** MATERIAL FOR THE TASK follows **

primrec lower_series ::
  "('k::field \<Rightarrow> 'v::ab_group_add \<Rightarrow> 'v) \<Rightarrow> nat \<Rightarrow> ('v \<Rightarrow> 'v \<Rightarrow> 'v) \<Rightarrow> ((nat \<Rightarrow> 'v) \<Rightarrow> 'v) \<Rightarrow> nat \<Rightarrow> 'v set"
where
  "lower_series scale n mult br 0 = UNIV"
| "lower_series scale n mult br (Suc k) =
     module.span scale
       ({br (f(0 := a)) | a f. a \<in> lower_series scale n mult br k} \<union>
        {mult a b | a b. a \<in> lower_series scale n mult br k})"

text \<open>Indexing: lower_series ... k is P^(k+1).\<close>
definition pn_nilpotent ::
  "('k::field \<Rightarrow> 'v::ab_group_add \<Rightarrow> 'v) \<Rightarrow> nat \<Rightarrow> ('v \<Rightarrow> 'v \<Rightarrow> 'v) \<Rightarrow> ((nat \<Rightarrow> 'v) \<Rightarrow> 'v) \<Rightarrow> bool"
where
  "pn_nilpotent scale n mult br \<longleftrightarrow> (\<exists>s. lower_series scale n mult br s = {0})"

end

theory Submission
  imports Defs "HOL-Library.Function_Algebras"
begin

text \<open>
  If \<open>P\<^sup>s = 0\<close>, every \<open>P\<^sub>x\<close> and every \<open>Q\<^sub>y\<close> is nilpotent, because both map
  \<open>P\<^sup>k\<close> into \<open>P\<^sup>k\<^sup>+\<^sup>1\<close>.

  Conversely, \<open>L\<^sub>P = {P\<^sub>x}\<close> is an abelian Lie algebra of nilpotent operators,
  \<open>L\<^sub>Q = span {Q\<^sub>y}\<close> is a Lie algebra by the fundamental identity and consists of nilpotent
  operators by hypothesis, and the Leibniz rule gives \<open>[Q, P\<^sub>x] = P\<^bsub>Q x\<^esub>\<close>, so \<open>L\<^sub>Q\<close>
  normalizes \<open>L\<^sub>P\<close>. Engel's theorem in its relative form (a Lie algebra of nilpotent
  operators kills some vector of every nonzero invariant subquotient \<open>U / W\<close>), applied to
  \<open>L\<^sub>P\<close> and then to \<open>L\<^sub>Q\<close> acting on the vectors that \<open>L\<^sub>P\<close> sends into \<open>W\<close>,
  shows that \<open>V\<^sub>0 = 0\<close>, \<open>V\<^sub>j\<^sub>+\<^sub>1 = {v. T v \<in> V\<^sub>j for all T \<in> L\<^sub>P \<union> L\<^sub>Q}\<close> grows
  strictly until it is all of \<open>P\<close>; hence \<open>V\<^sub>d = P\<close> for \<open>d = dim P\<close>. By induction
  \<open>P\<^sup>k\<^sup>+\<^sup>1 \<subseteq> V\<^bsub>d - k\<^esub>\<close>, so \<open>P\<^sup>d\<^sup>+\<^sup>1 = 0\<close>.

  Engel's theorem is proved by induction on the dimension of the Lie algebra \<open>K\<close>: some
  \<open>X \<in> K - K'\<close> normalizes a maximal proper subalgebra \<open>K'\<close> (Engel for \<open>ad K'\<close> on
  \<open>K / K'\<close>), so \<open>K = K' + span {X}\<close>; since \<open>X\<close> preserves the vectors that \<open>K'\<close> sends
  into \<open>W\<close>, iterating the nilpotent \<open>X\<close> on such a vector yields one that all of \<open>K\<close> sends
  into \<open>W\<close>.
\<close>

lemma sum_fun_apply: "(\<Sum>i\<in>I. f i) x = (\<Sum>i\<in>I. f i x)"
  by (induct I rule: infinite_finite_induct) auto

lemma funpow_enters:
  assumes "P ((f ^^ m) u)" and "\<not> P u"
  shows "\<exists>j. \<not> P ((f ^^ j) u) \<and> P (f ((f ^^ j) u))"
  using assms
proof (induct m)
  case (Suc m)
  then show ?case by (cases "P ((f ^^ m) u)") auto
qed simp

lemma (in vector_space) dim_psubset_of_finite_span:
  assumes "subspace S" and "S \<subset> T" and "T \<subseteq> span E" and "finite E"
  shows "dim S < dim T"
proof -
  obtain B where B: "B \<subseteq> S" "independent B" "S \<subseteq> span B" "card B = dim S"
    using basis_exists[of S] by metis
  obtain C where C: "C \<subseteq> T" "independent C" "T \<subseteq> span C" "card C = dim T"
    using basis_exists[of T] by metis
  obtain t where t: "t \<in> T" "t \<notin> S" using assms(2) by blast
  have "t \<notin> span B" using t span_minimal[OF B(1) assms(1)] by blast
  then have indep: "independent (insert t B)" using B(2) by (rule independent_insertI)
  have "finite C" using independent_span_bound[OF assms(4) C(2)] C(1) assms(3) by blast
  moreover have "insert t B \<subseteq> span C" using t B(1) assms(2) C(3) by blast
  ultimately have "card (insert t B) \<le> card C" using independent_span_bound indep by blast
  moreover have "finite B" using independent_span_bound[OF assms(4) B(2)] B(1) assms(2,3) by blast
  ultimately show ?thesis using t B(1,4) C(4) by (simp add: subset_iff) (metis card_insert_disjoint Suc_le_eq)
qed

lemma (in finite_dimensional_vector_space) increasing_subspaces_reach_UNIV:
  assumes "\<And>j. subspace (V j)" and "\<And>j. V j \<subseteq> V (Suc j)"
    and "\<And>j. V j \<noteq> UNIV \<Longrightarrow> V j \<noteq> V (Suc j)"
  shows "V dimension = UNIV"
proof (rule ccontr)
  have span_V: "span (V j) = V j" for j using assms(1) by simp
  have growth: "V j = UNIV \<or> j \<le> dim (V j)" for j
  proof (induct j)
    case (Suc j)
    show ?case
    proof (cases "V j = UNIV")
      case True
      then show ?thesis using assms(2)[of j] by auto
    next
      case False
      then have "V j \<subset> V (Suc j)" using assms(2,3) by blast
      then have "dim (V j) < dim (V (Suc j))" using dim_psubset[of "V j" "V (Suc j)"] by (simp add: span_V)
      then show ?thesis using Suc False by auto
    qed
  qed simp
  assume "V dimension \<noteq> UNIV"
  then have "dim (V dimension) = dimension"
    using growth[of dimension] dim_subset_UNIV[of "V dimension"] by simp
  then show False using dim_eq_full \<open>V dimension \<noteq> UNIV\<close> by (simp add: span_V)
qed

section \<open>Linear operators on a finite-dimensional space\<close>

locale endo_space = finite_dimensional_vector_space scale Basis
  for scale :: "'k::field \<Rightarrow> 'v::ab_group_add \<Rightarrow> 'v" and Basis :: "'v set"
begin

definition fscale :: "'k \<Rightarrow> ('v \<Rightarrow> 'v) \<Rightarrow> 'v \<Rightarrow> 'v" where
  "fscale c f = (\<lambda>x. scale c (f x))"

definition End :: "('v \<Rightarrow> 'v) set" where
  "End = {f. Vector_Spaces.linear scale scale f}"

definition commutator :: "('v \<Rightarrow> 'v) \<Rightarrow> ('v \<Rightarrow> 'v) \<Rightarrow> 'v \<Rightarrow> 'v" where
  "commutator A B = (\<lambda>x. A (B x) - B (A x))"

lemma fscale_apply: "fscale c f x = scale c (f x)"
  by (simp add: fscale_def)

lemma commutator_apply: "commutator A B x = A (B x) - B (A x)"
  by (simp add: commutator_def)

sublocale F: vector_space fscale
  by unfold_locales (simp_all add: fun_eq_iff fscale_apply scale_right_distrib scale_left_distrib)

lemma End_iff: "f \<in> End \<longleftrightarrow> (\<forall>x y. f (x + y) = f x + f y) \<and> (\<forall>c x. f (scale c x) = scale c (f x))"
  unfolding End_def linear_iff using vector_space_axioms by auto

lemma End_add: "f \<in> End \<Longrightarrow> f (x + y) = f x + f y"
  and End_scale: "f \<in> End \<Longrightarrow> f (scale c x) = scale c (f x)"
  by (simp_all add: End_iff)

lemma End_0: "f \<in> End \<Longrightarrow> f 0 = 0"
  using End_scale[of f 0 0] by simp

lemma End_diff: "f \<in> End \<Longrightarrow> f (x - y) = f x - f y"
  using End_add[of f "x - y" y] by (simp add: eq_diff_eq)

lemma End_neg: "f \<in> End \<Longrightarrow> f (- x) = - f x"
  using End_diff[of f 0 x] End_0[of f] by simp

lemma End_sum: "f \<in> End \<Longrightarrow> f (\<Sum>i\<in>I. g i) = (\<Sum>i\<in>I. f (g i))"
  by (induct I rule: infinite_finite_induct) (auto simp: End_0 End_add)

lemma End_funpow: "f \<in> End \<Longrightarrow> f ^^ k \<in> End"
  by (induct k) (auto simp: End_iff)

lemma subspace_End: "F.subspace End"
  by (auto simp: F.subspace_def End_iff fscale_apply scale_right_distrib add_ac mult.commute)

** End of MATERIAL FOR THE TASK **
** MATERIAL FOR THE TASK follows **

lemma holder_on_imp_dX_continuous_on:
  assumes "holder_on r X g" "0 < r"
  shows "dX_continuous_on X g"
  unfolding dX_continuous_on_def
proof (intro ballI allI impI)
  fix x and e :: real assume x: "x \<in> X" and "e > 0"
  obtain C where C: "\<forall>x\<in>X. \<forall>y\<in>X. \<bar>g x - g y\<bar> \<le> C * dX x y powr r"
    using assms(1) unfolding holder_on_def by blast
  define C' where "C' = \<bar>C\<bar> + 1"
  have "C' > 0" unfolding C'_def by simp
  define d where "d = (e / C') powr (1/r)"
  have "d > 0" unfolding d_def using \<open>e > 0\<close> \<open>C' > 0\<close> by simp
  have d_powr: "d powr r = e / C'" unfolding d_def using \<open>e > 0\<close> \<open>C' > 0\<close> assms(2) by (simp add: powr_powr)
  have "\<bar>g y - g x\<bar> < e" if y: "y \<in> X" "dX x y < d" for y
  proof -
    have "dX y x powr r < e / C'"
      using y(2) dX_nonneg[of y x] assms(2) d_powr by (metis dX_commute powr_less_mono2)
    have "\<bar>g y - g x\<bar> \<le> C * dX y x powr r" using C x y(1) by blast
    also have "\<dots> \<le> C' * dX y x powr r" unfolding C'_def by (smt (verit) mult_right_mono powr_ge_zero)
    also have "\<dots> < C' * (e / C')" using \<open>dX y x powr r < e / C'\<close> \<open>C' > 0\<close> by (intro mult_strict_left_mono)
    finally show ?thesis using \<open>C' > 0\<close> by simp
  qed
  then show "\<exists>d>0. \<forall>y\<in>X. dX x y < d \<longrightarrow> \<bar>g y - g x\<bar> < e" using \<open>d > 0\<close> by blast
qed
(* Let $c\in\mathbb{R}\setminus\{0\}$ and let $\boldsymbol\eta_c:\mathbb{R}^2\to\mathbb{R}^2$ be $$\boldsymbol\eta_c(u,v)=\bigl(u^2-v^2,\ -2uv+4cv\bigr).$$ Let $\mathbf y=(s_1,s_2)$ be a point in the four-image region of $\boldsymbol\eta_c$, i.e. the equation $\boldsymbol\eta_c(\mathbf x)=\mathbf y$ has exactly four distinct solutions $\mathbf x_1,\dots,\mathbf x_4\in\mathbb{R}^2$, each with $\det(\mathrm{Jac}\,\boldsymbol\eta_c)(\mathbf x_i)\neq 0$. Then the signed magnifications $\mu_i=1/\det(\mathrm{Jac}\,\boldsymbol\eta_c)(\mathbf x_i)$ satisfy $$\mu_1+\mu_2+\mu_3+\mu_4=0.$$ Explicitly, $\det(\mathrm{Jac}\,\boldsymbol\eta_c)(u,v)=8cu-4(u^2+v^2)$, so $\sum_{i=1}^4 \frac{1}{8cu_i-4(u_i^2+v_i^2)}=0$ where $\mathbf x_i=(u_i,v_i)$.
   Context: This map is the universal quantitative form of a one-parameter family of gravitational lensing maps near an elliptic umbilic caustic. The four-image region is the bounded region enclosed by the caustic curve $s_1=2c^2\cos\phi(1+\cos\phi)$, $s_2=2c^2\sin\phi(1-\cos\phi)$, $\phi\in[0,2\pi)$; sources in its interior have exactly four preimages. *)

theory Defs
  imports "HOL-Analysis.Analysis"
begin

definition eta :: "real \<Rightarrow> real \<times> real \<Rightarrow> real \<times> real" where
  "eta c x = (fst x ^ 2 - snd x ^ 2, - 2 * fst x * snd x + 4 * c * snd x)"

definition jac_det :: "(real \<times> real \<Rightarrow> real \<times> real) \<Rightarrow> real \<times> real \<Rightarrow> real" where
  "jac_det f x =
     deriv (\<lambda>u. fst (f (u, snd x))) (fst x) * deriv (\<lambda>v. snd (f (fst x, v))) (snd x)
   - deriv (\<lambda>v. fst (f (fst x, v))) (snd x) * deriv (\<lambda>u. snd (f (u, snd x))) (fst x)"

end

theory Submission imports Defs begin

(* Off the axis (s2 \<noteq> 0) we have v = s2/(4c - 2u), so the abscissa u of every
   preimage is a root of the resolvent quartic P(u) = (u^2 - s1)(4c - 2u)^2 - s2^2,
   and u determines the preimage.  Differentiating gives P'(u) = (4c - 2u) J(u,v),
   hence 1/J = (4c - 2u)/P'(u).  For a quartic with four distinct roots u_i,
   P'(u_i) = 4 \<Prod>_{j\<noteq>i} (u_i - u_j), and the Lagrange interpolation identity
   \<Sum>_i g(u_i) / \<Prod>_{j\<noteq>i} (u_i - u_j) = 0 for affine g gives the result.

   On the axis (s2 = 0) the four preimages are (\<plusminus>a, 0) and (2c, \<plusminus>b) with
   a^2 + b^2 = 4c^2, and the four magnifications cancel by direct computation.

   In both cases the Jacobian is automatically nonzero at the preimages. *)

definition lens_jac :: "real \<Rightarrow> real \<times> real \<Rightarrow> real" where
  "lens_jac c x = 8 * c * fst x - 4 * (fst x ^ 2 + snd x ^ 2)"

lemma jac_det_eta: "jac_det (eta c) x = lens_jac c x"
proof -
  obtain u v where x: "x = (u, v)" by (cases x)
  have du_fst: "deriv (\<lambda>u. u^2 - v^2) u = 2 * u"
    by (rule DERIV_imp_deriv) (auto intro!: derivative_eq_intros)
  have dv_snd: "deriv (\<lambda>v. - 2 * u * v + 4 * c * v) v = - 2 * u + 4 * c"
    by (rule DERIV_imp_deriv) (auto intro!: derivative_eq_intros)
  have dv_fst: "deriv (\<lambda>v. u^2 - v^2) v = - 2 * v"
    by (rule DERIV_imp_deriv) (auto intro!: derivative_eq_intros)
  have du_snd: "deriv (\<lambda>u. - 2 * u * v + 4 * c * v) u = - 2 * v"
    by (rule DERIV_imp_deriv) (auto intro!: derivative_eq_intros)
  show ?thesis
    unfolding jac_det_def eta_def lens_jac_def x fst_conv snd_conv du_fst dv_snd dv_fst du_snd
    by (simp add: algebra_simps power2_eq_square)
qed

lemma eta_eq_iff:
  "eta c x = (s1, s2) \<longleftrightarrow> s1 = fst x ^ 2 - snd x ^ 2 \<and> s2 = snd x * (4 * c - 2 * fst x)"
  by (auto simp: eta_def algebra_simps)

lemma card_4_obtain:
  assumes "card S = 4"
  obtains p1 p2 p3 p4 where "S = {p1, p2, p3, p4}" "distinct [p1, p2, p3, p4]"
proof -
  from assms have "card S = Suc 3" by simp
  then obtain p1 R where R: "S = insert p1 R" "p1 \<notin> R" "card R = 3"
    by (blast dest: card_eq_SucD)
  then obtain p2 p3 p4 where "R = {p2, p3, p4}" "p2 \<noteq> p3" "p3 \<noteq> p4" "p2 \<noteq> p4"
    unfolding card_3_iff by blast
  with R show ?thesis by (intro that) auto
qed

** End of MATERIAL FOR THE TASK **

THE PROBLEM:
Your answer should be the exact lines above from the one with "by (induct k) (auto simp: End_iff)" through the one with "by (auto simp: F.subspace_def", both included, and nothing besides.

TASK OUTPUT:
  by (induct k) (auto simp: End_iff)

lemma subspace_End: "F.subspace End"
  by (auto simp: F.subspace_def End_iff fscale_apply scale_right_distrib add_ac mult.commute)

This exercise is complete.